### Data
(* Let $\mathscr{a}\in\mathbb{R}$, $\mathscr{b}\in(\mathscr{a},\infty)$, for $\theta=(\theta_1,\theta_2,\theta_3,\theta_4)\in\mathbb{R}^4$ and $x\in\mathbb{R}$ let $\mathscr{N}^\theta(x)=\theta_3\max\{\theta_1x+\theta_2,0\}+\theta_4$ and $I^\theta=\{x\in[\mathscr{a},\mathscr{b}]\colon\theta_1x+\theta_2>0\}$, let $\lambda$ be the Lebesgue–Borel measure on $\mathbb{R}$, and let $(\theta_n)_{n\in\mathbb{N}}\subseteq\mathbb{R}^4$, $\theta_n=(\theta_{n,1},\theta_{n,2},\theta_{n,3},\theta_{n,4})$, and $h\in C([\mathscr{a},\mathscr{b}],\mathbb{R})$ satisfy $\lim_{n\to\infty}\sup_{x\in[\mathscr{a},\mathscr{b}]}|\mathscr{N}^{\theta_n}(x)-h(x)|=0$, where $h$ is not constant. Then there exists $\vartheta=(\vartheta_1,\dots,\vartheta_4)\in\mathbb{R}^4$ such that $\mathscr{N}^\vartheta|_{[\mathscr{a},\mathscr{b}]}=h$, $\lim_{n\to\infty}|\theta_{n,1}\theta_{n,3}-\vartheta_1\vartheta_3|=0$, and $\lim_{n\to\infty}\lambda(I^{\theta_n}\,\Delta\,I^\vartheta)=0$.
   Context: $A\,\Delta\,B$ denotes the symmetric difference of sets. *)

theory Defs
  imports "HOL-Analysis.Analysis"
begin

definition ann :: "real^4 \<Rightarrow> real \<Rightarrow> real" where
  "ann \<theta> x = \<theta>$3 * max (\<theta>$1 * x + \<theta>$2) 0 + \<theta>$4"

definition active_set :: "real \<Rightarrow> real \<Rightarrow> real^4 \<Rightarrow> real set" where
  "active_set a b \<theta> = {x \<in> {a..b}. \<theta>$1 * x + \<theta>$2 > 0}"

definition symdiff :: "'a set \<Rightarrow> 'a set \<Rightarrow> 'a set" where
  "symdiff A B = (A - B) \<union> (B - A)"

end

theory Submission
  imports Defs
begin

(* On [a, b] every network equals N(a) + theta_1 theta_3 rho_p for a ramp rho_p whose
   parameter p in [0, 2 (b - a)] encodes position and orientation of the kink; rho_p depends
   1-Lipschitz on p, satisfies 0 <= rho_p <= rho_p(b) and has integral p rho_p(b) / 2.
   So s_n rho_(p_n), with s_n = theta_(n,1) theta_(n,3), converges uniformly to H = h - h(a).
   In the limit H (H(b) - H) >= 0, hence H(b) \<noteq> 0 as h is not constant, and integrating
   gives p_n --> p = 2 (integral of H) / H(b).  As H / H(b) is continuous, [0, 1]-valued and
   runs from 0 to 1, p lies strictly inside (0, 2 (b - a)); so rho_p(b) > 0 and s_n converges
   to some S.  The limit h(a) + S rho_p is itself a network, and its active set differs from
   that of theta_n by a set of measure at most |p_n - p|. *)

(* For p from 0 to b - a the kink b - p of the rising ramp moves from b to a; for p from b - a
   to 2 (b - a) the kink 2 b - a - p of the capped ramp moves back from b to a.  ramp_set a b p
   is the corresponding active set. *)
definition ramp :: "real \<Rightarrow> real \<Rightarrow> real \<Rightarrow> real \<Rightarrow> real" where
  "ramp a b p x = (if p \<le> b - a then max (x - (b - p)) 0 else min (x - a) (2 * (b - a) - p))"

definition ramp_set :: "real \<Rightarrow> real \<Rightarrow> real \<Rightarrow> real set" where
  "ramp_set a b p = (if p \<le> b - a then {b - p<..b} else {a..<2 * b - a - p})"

==

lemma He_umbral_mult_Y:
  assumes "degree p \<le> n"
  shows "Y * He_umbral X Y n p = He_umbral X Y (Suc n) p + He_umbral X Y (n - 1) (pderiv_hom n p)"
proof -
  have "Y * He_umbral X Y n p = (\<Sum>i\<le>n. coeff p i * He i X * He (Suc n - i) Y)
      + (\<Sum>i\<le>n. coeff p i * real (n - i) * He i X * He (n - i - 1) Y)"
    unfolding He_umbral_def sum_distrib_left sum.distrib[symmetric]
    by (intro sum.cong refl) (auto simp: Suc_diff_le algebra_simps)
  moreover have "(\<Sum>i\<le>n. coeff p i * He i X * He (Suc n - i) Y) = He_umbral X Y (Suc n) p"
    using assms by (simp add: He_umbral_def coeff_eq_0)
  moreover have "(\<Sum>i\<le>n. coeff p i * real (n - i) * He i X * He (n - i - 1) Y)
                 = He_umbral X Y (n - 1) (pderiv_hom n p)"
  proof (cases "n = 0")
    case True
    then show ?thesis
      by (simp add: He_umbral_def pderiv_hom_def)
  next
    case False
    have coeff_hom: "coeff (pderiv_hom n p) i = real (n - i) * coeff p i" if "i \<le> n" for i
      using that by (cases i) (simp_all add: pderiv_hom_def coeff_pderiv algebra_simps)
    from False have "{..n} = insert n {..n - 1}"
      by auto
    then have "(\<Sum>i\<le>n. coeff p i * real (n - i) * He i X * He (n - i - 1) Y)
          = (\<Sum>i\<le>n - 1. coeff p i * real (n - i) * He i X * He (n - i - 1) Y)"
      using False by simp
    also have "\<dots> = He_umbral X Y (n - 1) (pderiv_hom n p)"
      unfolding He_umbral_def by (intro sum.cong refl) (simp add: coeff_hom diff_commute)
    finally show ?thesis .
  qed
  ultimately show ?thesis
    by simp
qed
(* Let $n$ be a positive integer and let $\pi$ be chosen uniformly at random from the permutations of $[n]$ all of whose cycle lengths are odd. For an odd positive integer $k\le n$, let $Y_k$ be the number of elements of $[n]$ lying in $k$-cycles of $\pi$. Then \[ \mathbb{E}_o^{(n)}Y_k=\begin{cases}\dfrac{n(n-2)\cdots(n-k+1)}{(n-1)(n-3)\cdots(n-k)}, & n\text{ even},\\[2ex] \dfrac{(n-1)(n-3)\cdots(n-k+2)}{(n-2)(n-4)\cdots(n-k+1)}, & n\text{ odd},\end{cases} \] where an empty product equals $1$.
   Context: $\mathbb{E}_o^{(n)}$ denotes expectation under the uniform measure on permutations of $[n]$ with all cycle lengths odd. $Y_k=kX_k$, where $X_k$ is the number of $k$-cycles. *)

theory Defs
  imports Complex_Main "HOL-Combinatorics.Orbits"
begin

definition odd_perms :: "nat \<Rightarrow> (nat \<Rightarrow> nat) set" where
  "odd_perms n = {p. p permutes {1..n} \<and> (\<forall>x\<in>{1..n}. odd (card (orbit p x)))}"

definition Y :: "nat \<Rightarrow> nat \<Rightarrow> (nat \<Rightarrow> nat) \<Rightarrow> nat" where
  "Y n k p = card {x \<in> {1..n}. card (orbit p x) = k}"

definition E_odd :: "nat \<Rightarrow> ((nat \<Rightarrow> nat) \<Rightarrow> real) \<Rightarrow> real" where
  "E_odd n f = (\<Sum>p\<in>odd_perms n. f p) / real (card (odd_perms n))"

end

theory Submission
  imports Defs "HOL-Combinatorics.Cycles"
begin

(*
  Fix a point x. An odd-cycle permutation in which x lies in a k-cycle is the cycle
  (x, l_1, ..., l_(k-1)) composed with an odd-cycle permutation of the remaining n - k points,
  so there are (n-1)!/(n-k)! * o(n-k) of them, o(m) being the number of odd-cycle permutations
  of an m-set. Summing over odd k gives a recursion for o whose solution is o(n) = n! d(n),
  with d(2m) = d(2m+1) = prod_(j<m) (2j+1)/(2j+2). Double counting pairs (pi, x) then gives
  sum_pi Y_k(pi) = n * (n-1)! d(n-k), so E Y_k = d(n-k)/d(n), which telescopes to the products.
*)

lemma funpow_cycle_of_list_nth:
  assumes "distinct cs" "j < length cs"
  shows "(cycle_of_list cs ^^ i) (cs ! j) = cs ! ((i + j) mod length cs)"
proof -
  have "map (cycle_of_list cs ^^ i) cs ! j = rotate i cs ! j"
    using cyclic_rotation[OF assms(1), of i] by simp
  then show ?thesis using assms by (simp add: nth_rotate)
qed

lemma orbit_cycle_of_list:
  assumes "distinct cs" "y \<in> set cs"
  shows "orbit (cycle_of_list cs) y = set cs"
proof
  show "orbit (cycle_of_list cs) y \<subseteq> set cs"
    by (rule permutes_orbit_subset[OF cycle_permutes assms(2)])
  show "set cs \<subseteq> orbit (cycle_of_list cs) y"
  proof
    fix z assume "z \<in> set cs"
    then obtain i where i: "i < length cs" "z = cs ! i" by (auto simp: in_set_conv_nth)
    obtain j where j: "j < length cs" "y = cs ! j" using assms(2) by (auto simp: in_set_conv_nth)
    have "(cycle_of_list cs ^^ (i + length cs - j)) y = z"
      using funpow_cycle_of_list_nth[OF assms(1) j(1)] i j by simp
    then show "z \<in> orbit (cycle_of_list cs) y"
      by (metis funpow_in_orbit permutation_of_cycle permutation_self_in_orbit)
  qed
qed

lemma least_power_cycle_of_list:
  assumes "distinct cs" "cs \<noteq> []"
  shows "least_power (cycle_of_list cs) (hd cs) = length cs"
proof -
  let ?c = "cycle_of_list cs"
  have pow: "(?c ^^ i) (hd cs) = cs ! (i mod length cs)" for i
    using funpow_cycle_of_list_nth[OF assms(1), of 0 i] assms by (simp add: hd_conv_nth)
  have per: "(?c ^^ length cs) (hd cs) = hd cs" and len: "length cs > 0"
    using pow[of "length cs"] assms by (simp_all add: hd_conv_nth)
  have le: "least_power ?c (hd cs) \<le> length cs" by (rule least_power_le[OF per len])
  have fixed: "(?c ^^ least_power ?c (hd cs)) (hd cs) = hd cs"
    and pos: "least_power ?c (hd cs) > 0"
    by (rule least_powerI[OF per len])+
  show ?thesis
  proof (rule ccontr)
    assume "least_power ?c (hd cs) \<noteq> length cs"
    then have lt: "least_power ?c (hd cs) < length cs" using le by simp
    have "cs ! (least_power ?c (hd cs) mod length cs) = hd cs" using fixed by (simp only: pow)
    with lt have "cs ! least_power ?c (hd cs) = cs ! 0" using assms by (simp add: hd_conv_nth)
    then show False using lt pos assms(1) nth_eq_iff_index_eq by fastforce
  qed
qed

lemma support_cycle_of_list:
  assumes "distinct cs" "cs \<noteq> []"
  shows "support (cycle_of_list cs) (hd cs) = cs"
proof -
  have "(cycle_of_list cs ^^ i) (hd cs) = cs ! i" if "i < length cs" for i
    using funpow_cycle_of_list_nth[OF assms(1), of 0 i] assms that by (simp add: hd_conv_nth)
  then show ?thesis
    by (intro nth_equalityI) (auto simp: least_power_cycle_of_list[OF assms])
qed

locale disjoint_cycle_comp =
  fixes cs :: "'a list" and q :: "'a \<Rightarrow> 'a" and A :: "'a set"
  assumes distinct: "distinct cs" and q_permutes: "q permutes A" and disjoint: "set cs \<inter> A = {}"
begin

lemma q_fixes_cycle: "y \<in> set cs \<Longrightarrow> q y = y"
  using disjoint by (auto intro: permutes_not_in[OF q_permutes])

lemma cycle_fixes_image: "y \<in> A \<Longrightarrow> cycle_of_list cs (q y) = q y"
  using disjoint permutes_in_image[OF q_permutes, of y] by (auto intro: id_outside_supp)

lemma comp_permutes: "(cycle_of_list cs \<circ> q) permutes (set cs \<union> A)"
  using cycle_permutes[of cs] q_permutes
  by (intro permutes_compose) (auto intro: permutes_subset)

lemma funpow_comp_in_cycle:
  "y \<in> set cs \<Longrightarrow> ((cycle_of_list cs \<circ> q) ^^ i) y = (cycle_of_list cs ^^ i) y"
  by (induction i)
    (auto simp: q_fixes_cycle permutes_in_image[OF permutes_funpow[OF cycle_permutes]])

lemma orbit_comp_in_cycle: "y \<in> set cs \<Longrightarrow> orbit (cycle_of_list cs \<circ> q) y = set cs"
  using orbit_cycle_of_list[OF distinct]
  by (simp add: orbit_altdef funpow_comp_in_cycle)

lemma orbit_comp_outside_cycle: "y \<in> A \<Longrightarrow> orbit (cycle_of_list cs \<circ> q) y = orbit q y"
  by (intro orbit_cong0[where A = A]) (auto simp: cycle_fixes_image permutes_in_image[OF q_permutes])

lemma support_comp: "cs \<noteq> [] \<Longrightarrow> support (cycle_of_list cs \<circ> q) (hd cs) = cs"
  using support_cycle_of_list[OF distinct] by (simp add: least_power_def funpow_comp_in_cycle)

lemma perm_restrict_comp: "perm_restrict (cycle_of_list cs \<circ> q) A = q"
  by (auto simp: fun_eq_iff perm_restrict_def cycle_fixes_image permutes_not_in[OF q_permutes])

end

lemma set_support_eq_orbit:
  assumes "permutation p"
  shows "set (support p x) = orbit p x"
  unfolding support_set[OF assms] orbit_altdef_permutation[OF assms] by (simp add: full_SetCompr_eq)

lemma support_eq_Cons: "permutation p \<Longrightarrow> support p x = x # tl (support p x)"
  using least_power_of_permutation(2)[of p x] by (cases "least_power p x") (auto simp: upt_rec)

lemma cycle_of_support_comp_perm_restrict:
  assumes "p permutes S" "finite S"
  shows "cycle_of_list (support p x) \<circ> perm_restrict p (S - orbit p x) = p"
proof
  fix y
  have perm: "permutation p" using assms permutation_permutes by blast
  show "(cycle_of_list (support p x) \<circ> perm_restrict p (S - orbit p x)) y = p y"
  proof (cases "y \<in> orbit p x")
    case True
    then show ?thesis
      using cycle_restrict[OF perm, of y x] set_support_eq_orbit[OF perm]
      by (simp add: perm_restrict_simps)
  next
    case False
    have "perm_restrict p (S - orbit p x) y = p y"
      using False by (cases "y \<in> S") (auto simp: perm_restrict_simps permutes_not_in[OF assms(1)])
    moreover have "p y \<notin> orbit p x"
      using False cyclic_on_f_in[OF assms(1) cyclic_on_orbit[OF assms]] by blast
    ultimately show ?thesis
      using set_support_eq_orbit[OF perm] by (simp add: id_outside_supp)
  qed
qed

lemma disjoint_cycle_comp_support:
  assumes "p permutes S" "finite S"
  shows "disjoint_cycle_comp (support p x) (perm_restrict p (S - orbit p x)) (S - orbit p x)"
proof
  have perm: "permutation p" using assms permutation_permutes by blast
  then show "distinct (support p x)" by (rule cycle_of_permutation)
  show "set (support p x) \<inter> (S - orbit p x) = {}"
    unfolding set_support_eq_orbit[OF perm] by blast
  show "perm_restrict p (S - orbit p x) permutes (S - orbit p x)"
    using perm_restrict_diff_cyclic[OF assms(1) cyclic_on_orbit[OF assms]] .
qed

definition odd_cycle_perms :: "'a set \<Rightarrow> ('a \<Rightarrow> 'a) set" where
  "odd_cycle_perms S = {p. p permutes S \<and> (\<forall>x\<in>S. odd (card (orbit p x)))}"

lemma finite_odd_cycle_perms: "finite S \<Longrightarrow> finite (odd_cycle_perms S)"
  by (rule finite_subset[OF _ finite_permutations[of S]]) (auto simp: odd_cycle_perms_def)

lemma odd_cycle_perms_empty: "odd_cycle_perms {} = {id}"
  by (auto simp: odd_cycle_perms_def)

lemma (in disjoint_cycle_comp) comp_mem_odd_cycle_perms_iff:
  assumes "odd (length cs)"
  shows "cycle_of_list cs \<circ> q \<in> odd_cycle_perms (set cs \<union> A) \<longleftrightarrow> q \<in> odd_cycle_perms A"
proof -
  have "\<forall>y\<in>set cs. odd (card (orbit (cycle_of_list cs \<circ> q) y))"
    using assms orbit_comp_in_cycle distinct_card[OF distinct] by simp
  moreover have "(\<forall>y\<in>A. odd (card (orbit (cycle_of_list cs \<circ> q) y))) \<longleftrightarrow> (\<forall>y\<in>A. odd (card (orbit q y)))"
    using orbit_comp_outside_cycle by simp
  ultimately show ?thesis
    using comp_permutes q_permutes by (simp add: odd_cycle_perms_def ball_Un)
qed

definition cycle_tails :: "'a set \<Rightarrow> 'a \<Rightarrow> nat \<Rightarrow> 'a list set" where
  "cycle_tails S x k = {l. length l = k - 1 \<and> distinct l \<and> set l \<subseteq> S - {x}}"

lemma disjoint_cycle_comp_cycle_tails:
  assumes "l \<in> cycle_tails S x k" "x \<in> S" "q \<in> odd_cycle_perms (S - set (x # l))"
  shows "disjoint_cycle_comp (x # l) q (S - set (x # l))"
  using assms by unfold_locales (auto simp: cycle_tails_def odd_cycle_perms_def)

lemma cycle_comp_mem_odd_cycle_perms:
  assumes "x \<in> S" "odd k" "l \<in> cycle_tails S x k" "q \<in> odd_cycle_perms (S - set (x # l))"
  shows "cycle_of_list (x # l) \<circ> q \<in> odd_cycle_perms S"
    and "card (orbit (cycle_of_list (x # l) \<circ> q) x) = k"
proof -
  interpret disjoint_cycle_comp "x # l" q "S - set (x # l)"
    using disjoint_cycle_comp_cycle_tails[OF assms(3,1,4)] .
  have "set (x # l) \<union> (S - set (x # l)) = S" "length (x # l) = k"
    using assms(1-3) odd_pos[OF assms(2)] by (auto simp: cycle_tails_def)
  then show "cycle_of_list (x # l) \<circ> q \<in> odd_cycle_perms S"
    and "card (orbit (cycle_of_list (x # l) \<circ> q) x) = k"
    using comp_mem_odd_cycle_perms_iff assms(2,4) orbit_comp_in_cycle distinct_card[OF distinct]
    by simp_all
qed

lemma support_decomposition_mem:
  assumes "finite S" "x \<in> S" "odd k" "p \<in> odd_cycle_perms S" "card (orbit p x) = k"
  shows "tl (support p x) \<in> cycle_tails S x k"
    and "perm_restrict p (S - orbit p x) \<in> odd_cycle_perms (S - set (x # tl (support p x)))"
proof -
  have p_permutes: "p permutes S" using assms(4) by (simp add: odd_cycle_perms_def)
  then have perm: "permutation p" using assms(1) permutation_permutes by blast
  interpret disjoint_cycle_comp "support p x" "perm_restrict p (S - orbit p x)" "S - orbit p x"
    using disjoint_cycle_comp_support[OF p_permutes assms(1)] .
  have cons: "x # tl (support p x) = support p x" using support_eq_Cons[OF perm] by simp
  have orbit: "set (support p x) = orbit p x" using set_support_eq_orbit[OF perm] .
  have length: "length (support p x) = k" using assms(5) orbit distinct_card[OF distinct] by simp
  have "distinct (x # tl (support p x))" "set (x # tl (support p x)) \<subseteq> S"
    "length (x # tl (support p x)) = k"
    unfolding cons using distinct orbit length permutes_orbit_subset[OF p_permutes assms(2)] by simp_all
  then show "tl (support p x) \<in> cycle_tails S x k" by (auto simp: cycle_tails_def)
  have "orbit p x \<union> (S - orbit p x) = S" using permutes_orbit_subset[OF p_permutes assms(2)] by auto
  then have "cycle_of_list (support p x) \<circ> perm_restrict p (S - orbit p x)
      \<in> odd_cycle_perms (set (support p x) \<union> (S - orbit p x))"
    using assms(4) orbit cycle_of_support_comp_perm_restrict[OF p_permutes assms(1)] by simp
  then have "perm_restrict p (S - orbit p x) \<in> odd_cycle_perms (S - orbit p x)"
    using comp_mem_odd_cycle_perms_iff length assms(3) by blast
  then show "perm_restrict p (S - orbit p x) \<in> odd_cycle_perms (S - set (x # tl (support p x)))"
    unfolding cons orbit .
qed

### What is expected
Report each line of the entries where the word "whose" occurs.

### Expected answer
(* On [a, b] every network equals N(a) + theta_1 theta_3 rho_p for a ramp rho_p whose
(* Let $n$ be a positive integer and let $\pi$ be chosen uniformly at random from the permutations of $[n]$ all of whose cycle lengths are odd. For an odd positive integer $k\le n$, let $Y_k$ be the number of elements of $[n]$ lying in $k$-cycles of $\pi$. Then \[ \mathbb{E}_o^{(n)}Y_k=\begin{cases}\dfrac{n(n-2)\cdots(n-k+1)}{(n-1)(n-3)\cdots(n-k)}, & n\text{ even},\\[2ex] \dfrac{(n-1)(n-3)\cdots(n-k+2)}{(n-2)(n-4)\cdots(n-k+1)}, & n\text{ odd},\end{cases} \] where an empty product equals $1$.
  of an m-set. Summing over odd k gives a recursion for o whose solution is o(n) = n! d(n),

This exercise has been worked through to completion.